Theorem 52.1 (The Orthogonal Projection Theorem) Let \(\ALPHABET M\) be a proper subspace of a Hilbert space \(\ALPHABET H\) and \(x\) be a point of \(\ALPHABET H\). Then \(x\) can be uniquely represented in the form \[ x = y + z \] where \(y \in \ALPHABET M\) and \(z \perp \ALPHABET M\). Furthermore, for all \(w \in \ALPHABET M\), we have \[ \NORM{x - w} \ge \NORM{x - y} \] with equality if and only if \(w = y\).

This unique element \(y\) is called the orthogonal projection of \(x\) onto \(\ALPHABET M\) and denoted by \(\LEXP[ x \mid \ALPHABET M]\).

Note that if \(\ALPHABET M\) is not a proper subspace of \(\ALPHABET H\), we can simply take \(z = 0\).

TipInterpretation of the orthogonal projection theorem

Theorem 52.1 shows that the orthogonal projection of \(x\) only \(\ALPHABET M\) is equal to \[ \arg \min_{w \in \ALPHABET M} \NORM{x - w}. \] Thus, it is a generalization of the projection theorem of Eucledian spaces.

52.8 Linear Operators on Banach Spaces

  1. A function or an operator \(L\) from one linear space \(\ALPHABET V\) to another \(\ALPHABET W\) is said to linear if

    1. for all \(u, v \in \ALPHABET V\), \[ L(u + v) = L(u) + L(v). \]
    2. For all \(v \in \ALPHABET V\) and \(α \in \reals\), \[ L(α v) = α L(v). \]

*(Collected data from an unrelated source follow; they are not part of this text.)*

lemma xseq_less_yseq_succ:
  assumes "(real n + 1) * p < of_int j" "j \<le> int n"
  shows "xseq n p j < yseq n p (j + 1)"
proof -
  define A B where "A = bin_tail n p j / bin_pmf n p (j - 1)" and "B = bin_tail n p j / bin_pmf n p j"
  have j: "1 \<le> j"
    using index_ge_one assms(1) .
  have AB: "0 < A" "A < B" "B - A < 1"
    using bin_tail_pmf_quotients[OF assms] by (simp_all add: A_def B_def)
  have x: "xseq n p j = of_int j - 1/2 + B - log_mean A B"
    using yseq_xseq_eq_log_mean(2)[OF j assms(2)] by (simp add: A_def B_def)
  show ?thesis
  proof (cases "j = int n")
    case True
    have "B = 1"
      using True bin_tail_Suc[of n p j] bin_pmf_pos[of j] j by (simp add: B_def bin_tail_def)
    moreover have "A < log_mean A B"
      using AB log_mean_bounds by simp
    ultimately show ?thesis
      using True x AB by (simp add: yseq_def)
  next
    case False
    define A' B' where "A' = bin_tail n p (j + 1) / bin_pmf n p j"
      and "B' = bin_tail n p (j + 1) / bin_pmf n p (j + 1)"
    have succ: "(real n + 1) * p < of_int (j + 1)" "j + 1 \<le> int n"
      using assms False by auto
    have A'B': "0 < A'" "A' < B'" "B' - A' < 1"
      using bin_tail_pmf_quotients[OF succ] by (simp_all add: A'_def B'_def)
    have y: "yseq n p (j + 1) = of_int j + 1/2 + A' - log_mean A' B'"
      using yseq_xseq_eq_log_mean(1)[of "j + 1"] j succ by (simp add: A'_def B'_def)
    have pmf: "0 < bin_pmf n p (j - 1)" "0 < bin_pmf n p j"
      using j assms(2) bin_pmf_pos by auto
    have A': "A' = B - 1"
      using pmf bin_tail_Suc[of n p j] by (simp add: A'_def B_def field_simps)
    have "B / A = bin_pmf n p (j - 1) / bin_pmf n p j" "B' / A' = bin_pmf n p j / bin_pmf n p (j + 1)"
      using AB A'B' pmf by (auto simp: A_def B_def A'_def B'_def)
    then have "B / A < B' / A'"
      using bin_pmf_log_concave j succ by simp
    then have "log_mean A' B' < log_mean A B"
      using AB A'B' A' by (intro log_mean_strict_mono) auto
    then show ?thesis
      using x y A' by simp
  qed
qed

end

theorem proposition2p9:
  fixes n :: nat and p :: real and j :: int
  assumes "n \<ge> 1" and "0 < p" and "p < 1"
    and "j \<ge> \<lfloor>(real n + 1) * p\<rfloor> + 1"
  shows "real_of_int j - 3/2 < real_of_int j - 1
      \<and> real_of_int j - 1 < yseq n p j
      \<and> yseq n p j \<le> real_of_int j - 1/2
      \<and> real_of_int j - 1/2 < xseq n p j
      \<and> xseq n p j \<le> yseq n p (j + 1)
      \<and> yseq n p (j + 1) \<le> real_of_int j + 1/2
      \<and> (j \<le> int n \<longrightarrow> yseq n p j < real_of_int j - 1/2 \<and> xseq n p j < yseq n p (j + 1))"
proof -
  have above_mode: "(real n + 1) * p < of_int j" "(real n + 1) * p < of_int (j + 1)"
    using assms(4) by linarith+
  have "yseq n p (j + 1) \<le> of_int j + 1/2"
    using yseq_le[OF assms(2,3) above_mode(2)] by simp
  moreover have "of_int j - 1 < yseq n p j \<and> yseq n p j < of_int j - 1/2
      \<and> of_int j - 1/2 < xseq n p j \<and> xseq n p j < yseq n p (j + 1)" if "j \<le> int n"
    using that above_mode(1) assms(2,3)
    by (simp add: yseq_strict_bounds xseq_gt xseq_less_yseq_succ)
  moreover have "yseq n p j = of_int j - 1/2 \<and> xseq n p j = of_int j + 1/2
      \<and> yseq n p (j + 1) = of_int j + 1/2" if "\<not> j \<le> int n"
    using that by (simp add: xseq_def yseq_def)
  ultimately show ?thesis
    by fastforce
qed

end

    For a linear function, we often write \(Lv\) instead of \(L(v)\).

  2. Let \((\ALPHABET V, \NORM{⋅}_{\ALPHABET V})\) and \((\ALPHABET W, \NORM{⋅}_{\ALPHABET W}\) be Banach spaces. Then, \(L \colon \ALPHABET V \to \ALPHABET W\) be a linear operator. The operator-norm of \(L\) is defined as \[ \NORM{L}_{\ALPHABET V,\ALPHABET W} = \sup_{0 \neq v \in V} \frac{\NORM{L v}_W}{\NORM{v}_V}. \]

  3. The space \(\ALPHABET L(\ALPHABET V, \ALPHABET W)\) of linear operators from Banach space \(\ALPHABET V\) to Banach space \(\ALPHABET W\) is a linear space. The operator norm \(\NORM{⋅}_{\ALPHABET V,\ALPHABET W}\) is a norm on this space.

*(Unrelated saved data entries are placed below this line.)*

lemma jac_positive_row:
  assumes "e \<in> edges adj" "ends e = (i, j)" "sg i j" "f \<in> edges adj" "0 < coords q f"
  shows "jac adj a p q e f = H_star * (edge_dir f i j
    - q i j * vs (edge_dir f) i / vs q i - q i j * vs (edge_dir f) j / vs q j)"
proof -
  have pos: "0 < q i j" "0 < vs q i" "0 < vs q j" "0 < H_star"
    using assms(3) q_pos_iff vs_pos[OF assms(3)] vs_pos[OF sg_sym[OF assms(3)]] H_star_pos by auto
  have ap_eq: "ap a p i j = H_star * (vs q i * vs q j) / q i j"
    using y_eq_H_star[OF assms(3)] ap_pos[OF assms(3)] pos unfolding y_fn_def
    by (auto simp: field_simps)
  have "y_dir f i j = H_star * (edge_dir f i j / q i j
      - vs (edge_dir f) i / vs q i - vs (edge_dir f) j / vs q j)"
    unfolding y_dir_def ap_eq using pos by (simp add: field_simps power2_eq_square)
  then show ?thesis
    unfolding jac_eq[OF assms(1,2)] y_eq_H_star[OF assms(3)] H_eq_H_star H_dir_eq_0[OF assms(4,5)]
    using pos by (simp add: field_simps)
qed

text \<open>The leaf \<open>l\<close> of \<open>e = {c, l}\<close> has \<open>vs q l = q\<^sub>e\<close>, so its term cancels \<open>edge_dir f i j\<close>
  and only the nucleus \<open>c\<close> contributes.\<close>

lemma jac_Gram_entry:
  assumes e: "e \<in> edges adj" "0 < coords q e" and f: "f \<in> edges adj" "0 < coords q f"
  shows "jac adj a p q e f = - (H_star * coords q e) *
    (\<Sum>x\<in>N. 1 / vs q x * (if x \<in> e then 1 else 0) * (if x \<in> f then 1 else 0))"
proof -
  obtain i j where ij: "ends e = (i, j)" by fastforce
  have e_ij: "e = {i, j}" "coords q e = q i j"
    using ends_edge[OF e(1) ij] ij unfolding coords_def by auto
  then have "sg i j" using e(2) q_pos_iff by simp
  obtain c l where cl: "c \<in> N" "sg c l" "e = {c, l}" using positive_edge_at_nucleus[OF e] .
  have vs_l: "vs q l = coords q e" using vs_leaf[OF cl(1,2)] cl(3) by (simp add: coords_doubleton)
  have leaf_term: "coords q e * vs (edge_dir f) l / vs q l = edge_dir f i j"
    using positive_edge_through_leaf[OF f cl(1,2)] e(2) cl(3)
    unfolding vs_l vs_edge_dir[OF f(1)] edge_dir_ends[OF e(1) ij] by auto
  have ends_sum: "q i j * vs (edge_dir f) i / vs q i + q i j * vs (edge_dir f) j / vs q j
      = coords q e * vs (edge_dir f) c / vs q c + coords q e * vs (edge_dir f) l / vs q l"
    using e_ij cl(3) by (auto simp: doubleton_eq_iff)
  have "(\<Sum>x\<in>N. 1 / vs q x * (if x \<in> e then 1 else 0) * (if x \<in> f then 1 else 0))
      = vs (edge_dir f) c / vs q c"
  proof -
    have "l \<notin> N" using edge_not_two_nuclei[OF cl(2,1)] .
    then have "(\<Sum>x\<in>N. 1 / vs q x * (if x \<in> e then 1 else 0) * (if x \<in> f then 1 else 0))
        = (\<Sum>x\<in>N. if x = c then 1 / vs q c * (if c \<in> f then 1 else 0) else 0)"
      using cl(3) by (intro sum.cong) auto
    then show ?thesis using cl(1) unfolding vs_edge_dir[OF f(1)] by simp
  qed
  then show ?thesis
    unfolding jac_positive_row[OF e(1) ij \<open>sg i j\<close> f] using ends_sum leaf_term
    by (simp add: algebra_simps)
qed

lemma Re_eigenvalue_jac_nonpos:
  assumes "is_eigenvalue adj (jac adj a p q) lam"
  shows "Re lam \<le> 0"
proof -
  obtain v where "\<And>e. e \<in> edges adj \<Longrightarrow>
      (\<Sum>f\<in>edges adj. complex_of_real (jac adj a p q e f) * v f) = lam * v e"
    and "\<exists>e\<in>edges adj. v e \<noteq> 0"
    using assms unfolding is_eigenvalue_def by blast
  then show ?thesis
  proof (rule Re_eigenvalue_nonpos_block_Gram[where S = "{e \<in> edges adj. 0 < coords q e}"
        and c = H_star and X = N and d = "\<lambda>e. H_star * coords q e" and g = "\<lambda>x. 1 / vs q x"
        and w = "\<lambda>e x. if x \<in> e then 1 else 0", rotated -2])
    show "jac adj a p q e f = (if e = f then - H_star else 0)"
      if "e \<in> edges adj - {e \<in> edges adj. 0 < coords q e}" "f \<in> edges adj" for e f
    proof -
      have "coords q e = 0"
        using that q_nonneg[of "fst (ends e)" "snd (ends e)"] unfolding coords_def by auto
      then show ?thesis using jac_scalar_row that by blast
    qed
  qed (use H_star_pos vs_nonneg q_pos_iff jac_Gram_entry in \<open>auto simp: coords_def mult.assoc\<close>)
qed

lemma stable_eq_if_in_Gamma:
  assumes "in_Gamma adj a p h1 q"
  shows "stable_eq adj a p h1 q"
  unfolding stable_eq_def using assms not_in_boundary Re_eigenvalue_jac_nonpos by blast

end

theorem proposition7:
  fixes adj :: "'v::finite \<Rightarrow> 'v \<Rightarrow> bool"
    and a p :: "'v \<Rightarrow> 'v \<Rightarrow> real" and h1 :: real
    and sg :: "'v \<Rightarrow> 'v \<Rightarrow> bool" and N :: "'v set"
    and q :: "'v \<Rightarrow> 'v \<Rightarrow> real"
  assumes adj_sym: "\<And>i j. adj i j \<Longrightarrow> adj j i"
    and adj_irrefl: "\<And>i. \<not> adj i i"
    and a_sym: "\<And>i j. a i j = a j i" and a_nonneg: "\<And>i j. a i j \<ge> 0"
    and a_adj: "\<And>i j. a i j > 0 \<Longrightarrow> adj i j"
    and p_sym: "\<And>i j. p i j = p j i" and p_range: "\<And>i j. 0 \<le> p i j \<and> p i j \<le> 1"
    and p_adj: "\<And>i j. \<not> adj i j \<Longrightarrow> p i j = 0"
    and ap_pos: "\<exists>i j. a i j * p i j > 0"
    and h1: "0 < h1" "h1 \<le> 1"
    and sub: "is_subgraph adj sg"
    and P: "P_prop adj a p sg"
    and nuc: "nucleus_set sg N"
    and qD: "in_Delta adj a p h1 q"
    and Gq: "\<And>i j. (q i j > 0) \<longleftrightarrow> sg i j"
  shows "(in_Gamma adj a p h1 q \<longleftrightarrow> in_GammaG adj a p h1 sg N q) \<and>
         (in_Gamma adj a p h1 q \<longrightarrow> stable_eq adj a p h1 q)"
proof -
  have "0 < a i j" if "0 < ap a p i j" for i j
    using that a_nonneg[of i j] unfolding ap_def by (auto simp: zero_less_mult_iff)
  then have "star_network sg N q adj a p"
    using a_sym p_sym a_nonneg p_range ap_pos a_adj
    by (intro star_network_if_P_prop[OF adj_sym adj_irrefl _ _ _ _ sub P nuc qD Gq])
       (simp_all add: ap_def)
  then interpret star_network sg N q adj a p .
  have "stable_eq adj a p h1 q" if equilibrium: "in_Gamma adj a p h1 q"
  proof -
    interpret star_network_equilibrium sg N q adj a p
      by unfold_locales (use equilibrium in \<open>simp add: in_Gamma_def\<close>)
    show ?thesis using equilibrium by (rule stable_eq_if_in_Gamma)
  qed
  then show ?thesis using in_Gamma_iff_in_GammaG[OF qD] by blast
qed

end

  4. We will use \(\ALPHABET L(\ALPHABET V)\) to denote \(\ALPHABET L(\ALPHABET V,\ALPHABET V)\) and use \(\NORM{⋅}\) to denote the operator norm \(\NORM{⋅}_{\ALPHABET V, \ALPHABET V}\).

  5. Let \(\ALPHABET V\) be a Banach space and \(L \in \ALPHABET L(V)\) such that \[ \NORM{L} < 1. \] Then, the Neumann series converges \[ \sum_{n=0}^∞ L^n = (I - L)^{-1} \] and \[ \NORM{(I - L)^{-1}} \le \frac{1}{1 - \NORM{L}}. \]

Exercises

Exercise 52.1 Let \(\ALPHABET H_0\) be a Hilbert space, \(\ALPHABET H_1\) be a Hilbert subspace of \(\ALPHABET H_0\), and \(\ALPHABET H_2\) be a Hilbert subspace of \(\ALPHABET H_1\). Let \(x,y,z \in \ALPHABET H\) be such that \[ y = \LEXP[ x \mid \ALPHABET H_1 ] \quad\text{and}\quad z = \LEXP[ y \mid \ALPHABET H_2 ] \] Show that \[ z = \LEXP[ x \mid \ALPHABET H_2]. \]

Notes

The material presented in this section is standard. The order of presentation and the examples are adapted from Caines (2018).